* **Stored data entries**

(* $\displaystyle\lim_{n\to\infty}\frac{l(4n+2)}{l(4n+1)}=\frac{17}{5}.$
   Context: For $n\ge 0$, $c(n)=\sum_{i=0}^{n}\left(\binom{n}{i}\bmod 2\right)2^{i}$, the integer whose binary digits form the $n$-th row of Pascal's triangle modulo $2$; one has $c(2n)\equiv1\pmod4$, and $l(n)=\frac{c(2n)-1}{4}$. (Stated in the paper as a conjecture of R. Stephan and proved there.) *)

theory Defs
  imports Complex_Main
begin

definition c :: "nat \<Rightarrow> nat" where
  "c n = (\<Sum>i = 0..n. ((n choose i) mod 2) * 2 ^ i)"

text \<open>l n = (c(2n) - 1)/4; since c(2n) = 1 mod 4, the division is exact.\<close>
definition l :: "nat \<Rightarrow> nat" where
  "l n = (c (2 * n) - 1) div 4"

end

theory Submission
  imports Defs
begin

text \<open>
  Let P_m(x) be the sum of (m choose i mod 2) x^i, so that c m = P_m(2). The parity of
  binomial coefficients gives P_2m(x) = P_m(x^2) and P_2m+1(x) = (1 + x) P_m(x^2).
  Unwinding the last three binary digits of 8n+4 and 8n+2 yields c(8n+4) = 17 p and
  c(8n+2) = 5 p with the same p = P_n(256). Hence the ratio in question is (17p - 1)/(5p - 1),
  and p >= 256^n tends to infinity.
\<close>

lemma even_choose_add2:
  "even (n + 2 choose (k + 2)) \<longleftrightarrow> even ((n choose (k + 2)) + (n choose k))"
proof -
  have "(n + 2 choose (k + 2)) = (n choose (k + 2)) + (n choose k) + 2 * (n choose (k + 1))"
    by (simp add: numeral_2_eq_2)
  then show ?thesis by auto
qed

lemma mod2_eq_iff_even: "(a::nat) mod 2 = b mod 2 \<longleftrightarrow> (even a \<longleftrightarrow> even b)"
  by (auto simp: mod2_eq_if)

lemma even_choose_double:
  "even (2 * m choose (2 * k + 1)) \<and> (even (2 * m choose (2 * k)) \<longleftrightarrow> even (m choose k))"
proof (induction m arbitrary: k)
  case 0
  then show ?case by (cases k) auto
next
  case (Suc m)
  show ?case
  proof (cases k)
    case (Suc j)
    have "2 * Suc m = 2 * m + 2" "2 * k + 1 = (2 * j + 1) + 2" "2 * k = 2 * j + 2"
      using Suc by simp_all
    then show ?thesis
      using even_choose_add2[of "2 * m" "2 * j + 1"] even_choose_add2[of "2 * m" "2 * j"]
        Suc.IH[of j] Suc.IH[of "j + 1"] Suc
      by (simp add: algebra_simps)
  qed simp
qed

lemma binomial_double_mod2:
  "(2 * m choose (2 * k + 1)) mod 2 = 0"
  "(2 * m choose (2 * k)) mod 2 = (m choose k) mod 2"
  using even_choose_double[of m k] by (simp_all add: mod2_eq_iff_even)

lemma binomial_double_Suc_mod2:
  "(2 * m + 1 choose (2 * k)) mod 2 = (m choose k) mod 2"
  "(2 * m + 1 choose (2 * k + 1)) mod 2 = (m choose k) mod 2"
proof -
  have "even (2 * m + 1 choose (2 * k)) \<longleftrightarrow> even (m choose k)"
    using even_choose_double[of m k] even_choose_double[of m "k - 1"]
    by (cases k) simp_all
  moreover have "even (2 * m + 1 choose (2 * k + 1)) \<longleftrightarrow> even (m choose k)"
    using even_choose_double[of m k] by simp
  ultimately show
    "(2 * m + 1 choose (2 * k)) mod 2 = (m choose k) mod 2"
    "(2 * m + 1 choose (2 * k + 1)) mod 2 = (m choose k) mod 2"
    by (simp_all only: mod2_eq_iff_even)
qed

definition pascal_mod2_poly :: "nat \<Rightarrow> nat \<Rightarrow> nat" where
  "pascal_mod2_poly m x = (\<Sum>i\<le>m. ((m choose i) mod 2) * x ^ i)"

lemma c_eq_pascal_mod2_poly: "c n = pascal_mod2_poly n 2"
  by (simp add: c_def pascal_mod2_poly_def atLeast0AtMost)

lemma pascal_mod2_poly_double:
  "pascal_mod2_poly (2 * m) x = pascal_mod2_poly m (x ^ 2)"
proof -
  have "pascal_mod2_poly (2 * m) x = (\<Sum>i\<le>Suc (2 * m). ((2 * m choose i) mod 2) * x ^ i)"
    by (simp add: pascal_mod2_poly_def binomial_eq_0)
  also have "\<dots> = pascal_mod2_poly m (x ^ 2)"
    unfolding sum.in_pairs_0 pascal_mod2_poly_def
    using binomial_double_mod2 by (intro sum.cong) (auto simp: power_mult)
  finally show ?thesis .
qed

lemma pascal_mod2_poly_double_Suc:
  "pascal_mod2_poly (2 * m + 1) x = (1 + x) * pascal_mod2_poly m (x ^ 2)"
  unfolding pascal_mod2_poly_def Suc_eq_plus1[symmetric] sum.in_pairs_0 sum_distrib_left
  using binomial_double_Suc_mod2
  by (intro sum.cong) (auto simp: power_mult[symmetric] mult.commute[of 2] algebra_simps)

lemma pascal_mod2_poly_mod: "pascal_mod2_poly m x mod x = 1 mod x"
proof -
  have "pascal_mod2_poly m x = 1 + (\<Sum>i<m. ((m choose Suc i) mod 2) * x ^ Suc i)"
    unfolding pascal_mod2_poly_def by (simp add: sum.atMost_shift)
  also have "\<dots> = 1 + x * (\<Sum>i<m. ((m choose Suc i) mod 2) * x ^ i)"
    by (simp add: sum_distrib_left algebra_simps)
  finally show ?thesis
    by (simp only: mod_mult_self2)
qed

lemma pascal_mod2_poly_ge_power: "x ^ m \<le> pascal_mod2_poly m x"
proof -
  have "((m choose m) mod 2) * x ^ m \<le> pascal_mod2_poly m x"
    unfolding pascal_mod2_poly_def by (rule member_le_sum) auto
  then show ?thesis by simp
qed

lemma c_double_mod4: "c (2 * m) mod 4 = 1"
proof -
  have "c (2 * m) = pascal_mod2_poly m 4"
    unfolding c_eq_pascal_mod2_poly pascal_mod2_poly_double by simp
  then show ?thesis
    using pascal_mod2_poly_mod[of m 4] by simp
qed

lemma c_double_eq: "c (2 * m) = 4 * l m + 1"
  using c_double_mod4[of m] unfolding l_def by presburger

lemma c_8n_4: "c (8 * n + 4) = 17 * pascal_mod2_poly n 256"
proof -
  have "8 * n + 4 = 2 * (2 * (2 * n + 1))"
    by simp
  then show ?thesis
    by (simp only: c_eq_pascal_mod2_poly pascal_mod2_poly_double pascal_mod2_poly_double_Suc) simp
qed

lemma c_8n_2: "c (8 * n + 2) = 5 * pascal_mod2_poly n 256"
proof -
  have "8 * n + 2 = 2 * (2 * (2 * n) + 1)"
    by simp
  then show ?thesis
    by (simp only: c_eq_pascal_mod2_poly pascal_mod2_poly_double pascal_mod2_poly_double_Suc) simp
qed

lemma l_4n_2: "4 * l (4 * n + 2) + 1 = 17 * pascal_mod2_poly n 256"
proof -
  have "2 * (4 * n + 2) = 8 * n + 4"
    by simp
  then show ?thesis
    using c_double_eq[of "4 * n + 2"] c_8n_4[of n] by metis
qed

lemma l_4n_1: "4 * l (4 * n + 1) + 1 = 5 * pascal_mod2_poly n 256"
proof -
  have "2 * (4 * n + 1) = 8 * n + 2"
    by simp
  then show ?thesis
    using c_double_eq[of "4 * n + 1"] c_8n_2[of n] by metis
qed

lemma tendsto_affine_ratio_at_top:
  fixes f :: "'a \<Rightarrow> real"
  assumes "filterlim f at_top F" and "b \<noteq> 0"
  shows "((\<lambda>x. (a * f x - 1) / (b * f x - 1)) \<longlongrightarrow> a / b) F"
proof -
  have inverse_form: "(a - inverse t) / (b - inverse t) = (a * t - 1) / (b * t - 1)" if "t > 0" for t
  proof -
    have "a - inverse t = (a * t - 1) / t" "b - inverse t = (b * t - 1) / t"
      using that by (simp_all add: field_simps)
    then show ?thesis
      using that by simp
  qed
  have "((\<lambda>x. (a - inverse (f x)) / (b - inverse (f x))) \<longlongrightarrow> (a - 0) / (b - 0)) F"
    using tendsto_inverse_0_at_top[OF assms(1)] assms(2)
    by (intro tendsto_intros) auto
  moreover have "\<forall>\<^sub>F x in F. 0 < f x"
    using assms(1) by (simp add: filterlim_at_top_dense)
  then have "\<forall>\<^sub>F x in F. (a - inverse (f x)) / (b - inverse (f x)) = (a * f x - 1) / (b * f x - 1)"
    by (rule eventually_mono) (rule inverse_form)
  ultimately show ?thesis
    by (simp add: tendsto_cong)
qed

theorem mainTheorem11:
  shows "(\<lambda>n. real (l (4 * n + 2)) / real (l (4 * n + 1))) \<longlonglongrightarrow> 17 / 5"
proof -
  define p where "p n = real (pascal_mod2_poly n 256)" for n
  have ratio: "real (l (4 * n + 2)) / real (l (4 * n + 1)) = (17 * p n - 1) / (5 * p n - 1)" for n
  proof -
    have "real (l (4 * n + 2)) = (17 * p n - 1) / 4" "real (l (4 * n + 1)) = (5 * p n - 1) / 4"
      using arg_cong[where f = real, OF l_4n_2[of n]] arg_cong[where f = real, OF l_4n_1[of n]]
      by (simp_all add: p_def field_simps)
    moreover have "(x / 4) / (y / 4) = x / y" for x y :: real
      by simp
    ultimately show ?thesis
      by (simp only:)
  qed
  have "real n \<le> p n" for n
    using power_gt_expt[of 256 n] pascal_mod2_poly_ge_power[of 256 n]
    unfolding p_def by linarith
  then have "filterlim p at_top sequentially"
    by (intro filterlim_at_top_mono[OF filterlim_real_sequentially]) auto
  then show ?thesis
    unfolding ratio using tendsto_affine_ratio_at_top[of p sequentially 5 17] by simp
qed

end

* **Work task**
Your answer should be the lines above that contain the word "metis", copied out.

* **Solved problem**
    using c_double_eq[of "4 * n + 2"] c_8n_4[of n] by metis
    using c_double_eq[of "4 * n + 1"] c_8n_2[of n] by metis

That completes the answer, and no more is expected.